Как странно! Все обращаются за мудростью к небу – либо желают объяснить тот или иной земной расклад влиянием созвездий, либо, подобно Балдандерсу, дерзко стремятся отбить знание у существ, которых невежды зовут какогенами; крестьяне же, рыбаки и им подобные ищут в небе предсказаний погоды. И никто не обращает к нему взор, чтобы испросить сиюминутной помощи, хотя помощь приходит оттуда; так часто – вот и я получил ее в ту ночь.
Видение луны в разрыве между облаками было мимолетным. Дождь то утихал, то обрушивался с новой силой; зыбкий лунный свет, падавший с большой высоты, очень яркий (хоть луна и не была полной), ненадолго озарил двор велика-нова замка, подобно свету одного из величайших светил, посылаемому на сцену и в зал совещательного уровня Обители Абсолюта. Гладкие мокрые камни мерцали, точно темные, застывшие озера; и отраженным в них я увидел зрелище столь фантастическое, что теперь мне удивительно, как я вообще не застыл на месте и не принял смерть, которая не заставила бы себя долго ждать.

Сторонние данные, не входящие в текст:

fun edge_msg :: "code \<Rightarrow> (nat \<Rightarrow> bit) \<times> (nat \<Rightarrow> bit) \<times> nat \<times> nat \<Rightarrow> edge \<Rightarrow> (nat \<Rightarrow> bit)" where
  "edge_msg c (m1, m2, k1, k2) E1 = enc1 c m1 k1"
| "edge_msg c (m1, m2, k1, k2) E2 = enc2 c m1 k1"
| "edge_msg c (m1, m2, k1, k2) E3 = enc3 c m2 k2"
| "edge_msg c (m1, m2, k1, k2) E4 = enc4 c m2 k2"
| "edge_msg c (m1, m2, k1, k2) E5 =
     enc5 c (enc1 c m1 k1) (enc2 c m1 k1) (enc3 c m2 k2)"

definition Y_W :: "code \<Rightarrow> edge set \<Rightarrow> (nat \<Rightarrow> bit) \<times> (nat \<Rightarrow> bit) \<times> nat \<times> nat \<Rightarrow> (edge \<Rightarrow> (nat \<Rightarrow> bit))" where
  "Y_W c W \<omega> = (\<lambda>e. if e \<in> W then edge_msg c \<omega> e else (\<lambda>_. 0))"

definition M_S :: "(nat \<Rightarrow> bit) \<times> (nat \<Rightarrow> bit) \<times> nat \<times> nat \<Rightarrow> (nat \<Rightarrow> bit) \<times> (nat \<Rightarrow> bit)" where
  "M_S \<omega> = (fst \<omega>, fst (snd \<omega>))"

definition prob_c :: "code \<Rightarrow> (((nat \<Rightarrow> bit) \<times> (nat \<Rightarrow> bit) \<times> nat \<times> nat) \<Rightarrow> bool) \<Rightarrow> real" where
  "prob_c c P = real (card {\<omega> \<in> omega c. P \<omega>}) / real (card (omega c))"

text \<open>I(Y_W; M_S) = 0, i.e. Y_W and M_S are independent random variables.\<close>
definition zero_leakage :: "code \<Rightarrow> edge set \<Rightarrow> bool" where
  "zero_leakage c W \<longleftrightarrow>
     (\<forall>y m. prob_c c (\<lambda>\<omega>. Y_W c W \<omega> = y \<and> M_S \<omega> = m)
            = prob_c c (\<lambda>\<omega>. Y_W c W \<omega> = y) * prob_c c (\<lambda>\<omega>. M_S \<omega> = m))"

definition well_formed_code :: "code \<Rightarrow> bool" where
  "well_formed_code c \<longleftrightarrow>
     len_n c \<ge> 1 \<and>
     finite (keys1 c) \<and> keys1 c \<noteq> {} \<and> finite (keys2 c) \<and> keys2 c \<noteq> {} \<and>
     (\<forall>m \<in> vecs (len_l c). \<forall>k \<in> keys1 c.
        enc1 c m k \<in> vecs (len_n c) \<and> enc2 c m k \<in> vecs (len_n c)) \<and>
     (\<forall>m \<in> vecs (len_l c). \<forall>k \<in> keys2 c.
        enc3 c m k \<in> vecs (len_n c) \<and> enc4 c m k \<in> vecs (len_n c)) \<and>
     (\<forall>y1 \<in> vecs (len_n c). \<forall>y2 \<in> vecs (len_n c). \<forall>y3 \<in> vecs (len_n c).
        enc5 c y1 y2 y3 \<in> vecs (len_n c)) \<and>
     (\<forall>y4 \<in> vecs (len_n c). \<forall>y5 \<in> vecs (len_n c). dec c y4 y5 \<in> vecs (len_l c))"

definition admissible :: "nat \<Rightarrow> code \<Rightarrow> bool" where
  "admissible r c \<longleftrightarrow>
     well_formed_code c \<and>
     (\<forall>\<omega> \<in> omega c. dec c (edge_msg c \<omega> E4) (edge_msg c \<omega> E5) = (\<lambda>i. fst \<omega> i + fst (snd \<omega>) i)) \<and>
     (\<forall>W :: edge set. card W \<le> r \<longrightarrow> zero_leakage c W)"

definition rate :: "code \<Rightarrow> real" where
  "rate c = real (len_l c) / real (len_n c)"

definition achievable :: "nat \<Rightarrow> real \<Rightarrow> bool" where
  "achievable r R \<longleftrightarrow> (\<forall>\<epsilon>>0. \<exists>c. admissible r c \<and> rate c > R - \<epsilon>)"

definition secure_capacity :: "nat \<Rightarrow> real" where
  "secure_capacity r = Sup {R. achievable r R}"

end

(* Converse: with m2 and both keys fixed, the symbol on E4 does not depend on m1, yet the sink
   recovers m1 from E4 and E5; so m1 is determined by the n symbols on E5, giving 2^l <= 2^n.
   Achievability: sigma_i sends a key bit k_i on one edge and m_i + k_i on the other, v forwards
   the sum m1 + k2 of its inputs, and rho adds m2 + k2. Every edge carries one message bit masked
   by one uniform key bit, so toggling that key by that message bit is a bijection of the keys
   turning the observation under any messages into the observation under the zero messages.
   Hence each observation arises from equally many keys whatever the messages, which for uniform
   keys is independence. *)

theory Submission
  imports Defs "HOL-Probability.Product_PMF"
begin

lemma UNIV_bit: "(UNIV :: bit set) = {0, 1}"
  using bit.exhaust by auto

lemma UNIV_edge: "(UNIV :: edge set) = {E1, E2, E3, E4, E5}"
  using edge.exhaust by auto

lemma finite_edge_set: "finite (W :: edge set)"
  by (rule finite_subset[OF subset_UNIV]) (simp add: UNIV_edge)

lemma vecs_eq_PiE_dflt: "vecs n = PiE_dflt {..<n} 0 (\<lambda>_. UNIV)"
  by (auto simp: vecs_def PiE_dflt_def)

lemma finite_vecs: "finite (vecs n)"
  unfolding vecs_eq_PiE_dflt by (rule finite_PiE_dflt) (simp_all add: UNIV_bit)

lemma card_vecs: "card (vecs n) = 2 ^ n"
  unfolding vecs_eq_PiE_dflt by (subst card_PiE_dflt) (simp_all add: UNIV_bit numeral_2_eq_2)

lemma zero_in_vecs: "(\<lambda>_. 0) \<in> vecs n"
  by (simp add: vecs_def)

lemma admissible_len_l_le_len_n:
  assumes "admissible r c"
  shows "len_l c \<le> len_n c"
proof -
  have wf: "well_formed_code c"
    and correct: "\<And>\<omega>. \<omega> \<in> omega c \<Longrightarrow>
      dec c (edge_msg c \<omega> E4) (edge_msg c \<omega> E5) = (\<lambda>i. fst \<omega> i + fst (snd \<omega>) i)"
    using assms unfolding admissible_def by blast+
  obtain k1 k2 where k1: "k1 \<in> keys1 c" and k2: "k2 \<in> keys2 c"
    using wf unfolding well_formed_code_def by blast
  define zero :: "nat \<Rightarrow> bit" where "zero = (\<lambda>_. 0)"
  define on_E5 where "on_E5 m = edge_msg c (m, zero, k1, k2) E5" for m
  have decodes: "dec c (edge_msg c (m, zero, k1, k2) E4) (on_E5 m) = m"
    if "m \<in> vecs (len_l c)" for m
  proof -
    have \<omega>: "(m, zero, k1, k2) \<in> omega c"
      using that k1 k2 zero_in_vecs by (simp add: omega_def zero_def)
    show ?thesis
      using correct[OF \<omega>] by (simp add: on_E5_def zero_def del: add_bit_eq_xor)
  qed
  have "inj_on on_E5 (vecs (len_l c))"
    by (rule inj_onI) (metis decodes edge_msg.simps(4))
  moreover have "on_E5 ` vecs (len_l c) \<subseteq> vecs (len_n c)"
    using wf k1 k2 zero_in_vecs unfolding well_formed_code_def on_E5_def zero_def by auto
  ultimately have "card (vecs (len_l c)) \<le> card (vecs (len_n c))"
    using card_inj_on_le finite_vecs by blast
  then show ?thesis
    by (simp add: card_vecs)
qed

lemma admissible_rate_le_1: "admissible r c \<Longrightarrow> rate c \<le> 1"
  using admissible_len_l_le_len_n[of r c] by (cases "len_n c = 0") (simp_all add: rate_def divide_le_eq_1)

lemma achievable_le_1:
  assumes "achievable r R"
  shows "R \<le> 1"
proof (rule ccontr)
  assume "\<not> R \<le> 1"
  then have "R - 1 > 0"
    by simp
  then obtain c where "admissible r c" "rate c > R - (R - 1)"
    using assms unfolding achievable_def by blast
  then show False
    using admissible_rate_le_1 by fastforce
qed

lemma card_omega_Collect:
  assumes "finite (keys1 c)" "finite (keys2 c)"
  shows "card {\<omega> \<in> omega c. P \<omega>} =
    (\<Sum>m \<in> vecs (len_l c) \<times> vecs (len_l c).
       card {k \<in> keys1 c \<times> keys2 c. P (fst m, snd m, k)})"
proof -
  let ?A = "vecs (len_l c) \<times> vecs (len_l c)" and ?K = "keys1 c \<times> keys2 c"
  define reassoc :: "((nat \<Rightarrow> bit) \<times> (nat \<Rightarrow> bit)) \<times> nat \<times> nat \<Rightarrow> _"
    where "reassoc = (\<lambda>(m, k). (fst m, snd m, k))"
  have "{\<omega> \<in> omega c. P \<omega>} = reassoc ` (SIGMA m:?A. {k \<in> ?K. P (fst m, snd m, k)})"
    by (force simp: omega_def reassoc_def image_iff)
  moreover have "inj_on reassoc (SIGMA m:?A. {k \<in> ?K. P (fst m, snd m, k)})"
    by (rule inj_onI) (auto simp: reassoc_def prod_eq_iff)
  ultimately show ?thesis
    using assms finite_vecs by (simp add: card_image)
qed

lemma zero_leakage_if_key_count_invariant:
  assumes "finite (keys1 c)" "finite (keys2 c)"
    and invariant: "\<And>m m' y. m \<in> vecs (len_l c) \<times> vecs (len_l c) \<Longrightarrow>
      m' \<in> vecs (len_l c) \<times> vecs (len_l c) \<Longrightarrow>
      card {k \<in> keys1 c \<times> keys2 c. Y_W c W (fst m, snd m, k) = y} =
      card {k \<in> keys1 c \<times> keys2 c. Y_W c W (fst m', snd m', k) = y}"
  shows "zero_leakage c W"
proof -
  let ?A = "vecs (len_l c) \<times> vecs (len_l c)" and ?K = "keys1 c \<times> keys2 c"
  define m0 :: "(nat \<Rightarrow> bit) \<times> (nat \<Rightarrow> bit)" where "m0 = (\<lambda>_. 0, \<lambda>_. 0)"
  define N where "N y = card {k \<in> ?K. Y_W c W (fst m0, snd m0, k) = y}" for y
  have count: "card {k \<in> ?K. Y_W c W (m1, m2, k) = y} = N y"
    if "m1 \<in> vecs (len_l c)" "m2 \<in> vecs (len_l c)" for m1 m2 y
    using invariant[of "(m1, m2)" m0] that zero_in_vecs by (simp add: N_def m0_def)
  have joint: "card {\<omega> \<in> omega c. Y_W c W \<omega> = y \<and> M_S \<omega> = m} = (if m \<in> ?A then N y else 0)"
    for y m
  proof -
    have "card {\<omega> \<in> omega c. Y_W c W \<omega> = y \<and> M_S \<omega> = m} =
        (\<Sum>m' \<in> ?A. if m' = m then N y else 0)"
      unfolding card_omega_Collect[OF assms(1,2)] by (rule sum.cong) (auto simp: M_S_def count)
    also have "\<dots> = (if m \<in> ?A then N y else 0)"
      using finite_vecs by simp
    finally show ?thesis .
  qed
  have observation: "card {\<omega> \<in> omega c. Y_W c W \<omega> = y} = card ?A * N y" for y
  proof -
    have "card {\<omega> \<in> omega c. Y_W c W \<omega> = y} = (\<Sum>m \<in> ?A. N y)"
      unfolding card_omega_Collect[OF assms(1,2)] by (rule sum.cong) (auto simp: count)
    then show ?thesis
      by simp
  qed
  have message: "card {\<omega> \<in> omega c. M_S \<omega> = m} = (if m \<in> ?A then card ?K else 0)" for m
  proof -
    have "card {\<omega> \<in> omega c. M_S \<omega> = m} = (\<Sum>m' \<in> ?A. if m' = m then card ?K else 0)"
      unfolding card_omega_Collect[OF assms(1,2)] by (rule sum.cong) (auto simp: M_S_def)
    then show ?thesis
      using finite_vecs by simp
  qed
  have total: "card (omega c) = card ?A * card ?K"
    by (simp add: omega_def card_cartesian_product)
  have "card ?A > 0"
    using finite_vecs zero_in_vecs by (auto simp: card_gt_0_iff)
  then show ?thesis
    unfolding zero_leakage_def prob_c_def by (simp add: joint observation message total)
qed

Ибо на нас падал Балдандерс, но падал он медленно.
В коричневой книге есть картинки с изображением ангелов, которые точно так же, запрокинув голову и выставив грудь, устремляются к Урсу. Я помню смешанное чувство восхищения и ужаса, с которым смотрел во Второй Обители на величественное существо из книги, спускавшееся подобно им; однако не думаю, что их я испугался бы меньше. Когда я вспоминаю Балдандерса, перед моим мысленным взором возникает прежде всего эта картина. Застывшее лицо и поднятый жезл, увенчанный фосфоресцирующим шаром.
Мы бросились врассыпную, как воробьи, на которых с вечернего неба падает сова. Спиной я ощутил толчок сжатого воздуха от его удара и, вовремя обернувшись, увидел, как он приземлился, удерживая равновесие свободной рукой, и выпрямился, как это делают уличные акробаты. На нем был пояс, которого я прежде не замечал, – толстый, из скрепленных между собою металлических призм. Я так и не понял, каким образом он ухитрился вернуться в свою башню и взять пояс и жезл; я-то думал, что он в это время спускался по стене. Наверное, там имелось окно, больше, чем те, что я видел, или даже дверь, через которую можно было попасть в помещение, не разрушенное пожаром, учиненным когда-то береговыми людьми. Не исключено также, что он просто запустил руку в какое-нибудь окно.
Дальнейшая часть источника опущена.